### Exercise prompt
In the entries below, find the line with "using m_pos by simp" and the line with "l v) \<le> l". Reproduce those two lines and every line between them exactly, and nothing more.

━━━ Given data ━━━

lemma emp_loss_scaled_separator_le:
  assumes "n \<ge> 1" "antimono l" and margin: "\<And>i. i < n \<Longrightarrow> 0 < y i * (ws \<bullet> x i)"
  shows "\<exists>c. emp_loss n x y l (c *\<^sub>R ws) \<le> l z"
proof -
  define m where "m = Min ((\<lambda>i. y i * (ws \<bullet> x i)) ` {..<n})"
  have "{..<n} \<noteq> {}"
    using \<open>n \<ge> 1\<close> by (simp add: lessThan_empty_iff)
  then have m_pos: "0 < m" and m_le: "\<And>i. i < n \<Longrightarrow> m \<le> y i * (ws \<bullet> x i)"
    using margin unfolding m_def by auto
  have "emp_loss n x y l ((\<bar>z\<bar> / m) *\<^sub>R ws) \<le> l z"
  proof (rule emp_loss_le[OF \<open>n \<ge> 1\<close>])
    fix i assume "i < n"
    have "z \<le> \<bar>z\<bar> / m * m"
      using m_pos by simp
    also have "\<dots> \<le> \<bar>z\<bar> / m * (y i * (ws \<bullet> x i))"
      using m_le[OF \<open>i < n\<close>] m_pos by (intro mult_left_mono) simp_all
    also have "\<dots> = y i * (((\<bar>z\<bar> / m) *\<^sub>R ws) \<bullet> x i)"
      by simp
    finally show "l (y i * (((\<bar>z\<bar> / m) *\<^sub>R ws) \<bullet> x i)) \<le> l z"
      using \<open>antimono l\<close> by (simp add: antimono_def)
  qed
  then show ?thesis ..
qed

lemma INF_emp_loss_separable:
  assumes "n \<ge> 1" "antimono l" "bdd_below (range l)"
    and margin: "\<And>i. i < n \<Longrightarrow> 0 < y i * (ws \<bullet> x i)"
  shows "bdd_below (range (emp_loss n x y l))" "(INF v. emp_loss n x y l v) = (INF z. l z)"
proof -
  have lower: "(INF z. l z) \<le> emp_loss n x y l v" for v
    using assms(1) by (rule emp_loss_ge) (rule cINF_lower[OF assms(3)], simp)
  then show bdd: "bdd_below (range (emp_loss n x y l))"
    by (intro bdd_belowI2[where m = "INF z. l z"])
  show "(INF v. emp_loss n x y l v) = (INF z. l z)"
  proof (rule antisym)
    show "(INF v. emp_loss n x y l v) \<le> (INF z. l z)"
    proof (rule cINF_greatest)
      fix z
      obtain c where "emp_loss n x y l (c *\<^sub>R ws) \<le> l z"
        using emp_loss_scaled_separator_le[where x = x and y = y, OF assms(1,2) margin] by blast
      then show "(INF v. emp_loss n x y l v) \<le> l z"
        by (meson bdd cINF_lower UNIV_I order_trans)
    qed simp
  qed (rule cINF_greatest[OF UNIV_not_empty lower])
qed

lemma emp_loss_norm_lower:
  assumes "i < n" "\<bar>y i\<bar> \<le> 1" "antimono l" "\<And>z. 0 \<le> l z"
  shows "l (norm v * norm (x i)) \<le> real n * emp_loss n x y l v"
proof -
  have "y i * (v \<bullet> x i) \<le> \<bar>v \<bullet> x i\<bar>"
    using assms(2) by (metis abs_ge_self abs_mult mult_left_le_one_le abs_ge_zero order_trans)
  also have "\<dots> \<le> norm v * norm (x i)"
    by (rule Cauchy_Schwarz_ineq2)
  finally have "l (norm v * norm (x i)) \<le> l (y i * (v \<bullet> x i))"
    using \<open>antimono l\<close> by (simp add: antimono_def)
  also have "\<dots> \<le> real n * emp_loss n x y l v"
    using assms(1,4) by (rule emp_loss_ge_term)
  finally show ?thesis .
qed

lemma emp_loss_tendsto_0_imp_norm_at_top:
  assumes "i < n" "\<bar>y i\<bar> \<le> 1" "antimono l" "\<And>z. 0 < l z"
    and "(\<lambda>t. emp_loss n x y l (w t)) \<longlonglongrightarrow> 0"
  shows "filterlim (\<lambda>t. norm (w t)) at_top sequentially"
  unfolding filterlim_at_top
proof
  fix Z :: real
  define B where "B = max Z 0"
  have "0 < l (B * norm (x i)) / real n"
    using assms(1,4) by simp
  from order_tendstoD(2)[OF assms(5) this]
  show "\<forall>\<^sub>F t in sequentially. Z \<le> norm (w t)"
  proof eventually_elim
    case (elim t)
    show ?case
    proof (rule ccontr)
      assume "\<not> Z \<le> norm (w t)"
      then have "norm (w t) * norm (x i) \<le> B * norm (x i)"
        unfolding B_def by (intro mult_right_mono) auto
      then have "l (B * norm (x i)) \<le> l (norm (w t) * norm (x i))"
        using \<open>antimono l\<close> by (simp add: antimono_def)
      also have "\<dots> \<le> real n * emp_loss n x y l (w t)"
        using emp_loss_norm_lower[of i n y l, OF assms(1-3)] assms(4) less_imp_le by blast
      finally show False
        using elim assms(1) by (simp add: field_simps)
    qed
  qed
qed

lemma is_norm_sum_le:
  assumes "is_norm N" "finite S"
  shows "N (\<Sum>i\<in>S. f i) \<le> (\<Sum>i\<in>S. N (f i))"
  using assms(2)
proof (induction S rule: finite_induct)
  case empty
  then show ?case
    using assms(1) unfolding is_norm_def by force
next
  case (insert a S)
  have "N (f a + sum f S) \<le> N (f a) + N (sum f S)"
    using assms(1) unfolding is_norm_def by blast
  with insert show ?case
    by simp
qed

━━━

### Solution for this problem
      using m_pos by simp
    also have "\<dots> \<le> \<bar>z\<bar> / m * (y i * (ws \<bullet> x i))"
      using m_le[OF \<open>i < n\<close>] m_pos by (intro mult_left_mono) simp_all
    also have "\<dots> = y i * (((\<bar>z\<bar> / m) *\<^sub>R ws) \<bullet> x i)"
      by simp
    finally show "l (y i * (((\<bar>z\<bar> / m) *\<^sub>R ws) \<bullet> x i)) \<le> l z"
      using \<open>antimono l\<close> by (simp add: antimono_def)
  qed
  then show ?thesis ..
qed

lemma INF_emp_loss_separable:
  assumes "n \<ge> 1" "antimono l" "bdd_below (range l)"
    and margin: "\<And>i. i < n \<Longrightarrow> 0 < y i * (ws \<bullet> x i)"
  shows "bdd_below (range (emp_loss n x y l))" "(INF v. emp_loss n x y l v) = (INF z. l z)"
proof -
  have lower: "(INF z. l z) \<le> emp_loss n x y l v" for v
    using assms(1) by (rule emp_loss_ge) (rule cINF_lower[OF assms(3)], simp)
  then show bdd: "bdd_below (range (emp_loss n x y l))"
    by (intro bdd_belowI2[where m = "INF z. l z"])
  show "(INF v. emp_loss n x y l v) = (INF z. l z)"
  proof (rule antisym)
    show "(INF v. emp_loss n x y l v) \<le> (INF z. l z)"
    proof (rule cINF_greatest)
      fix z
      obtain c where "emp_loss n x y l (c *\<^sub>R ws) \<le> l z"
        using emp_loss_scaled_separator_le[where x = x and y = y, OF assms(1,2) margin] by blast
      then show "(INF v. emp_loss n x y l v) \<le> l z"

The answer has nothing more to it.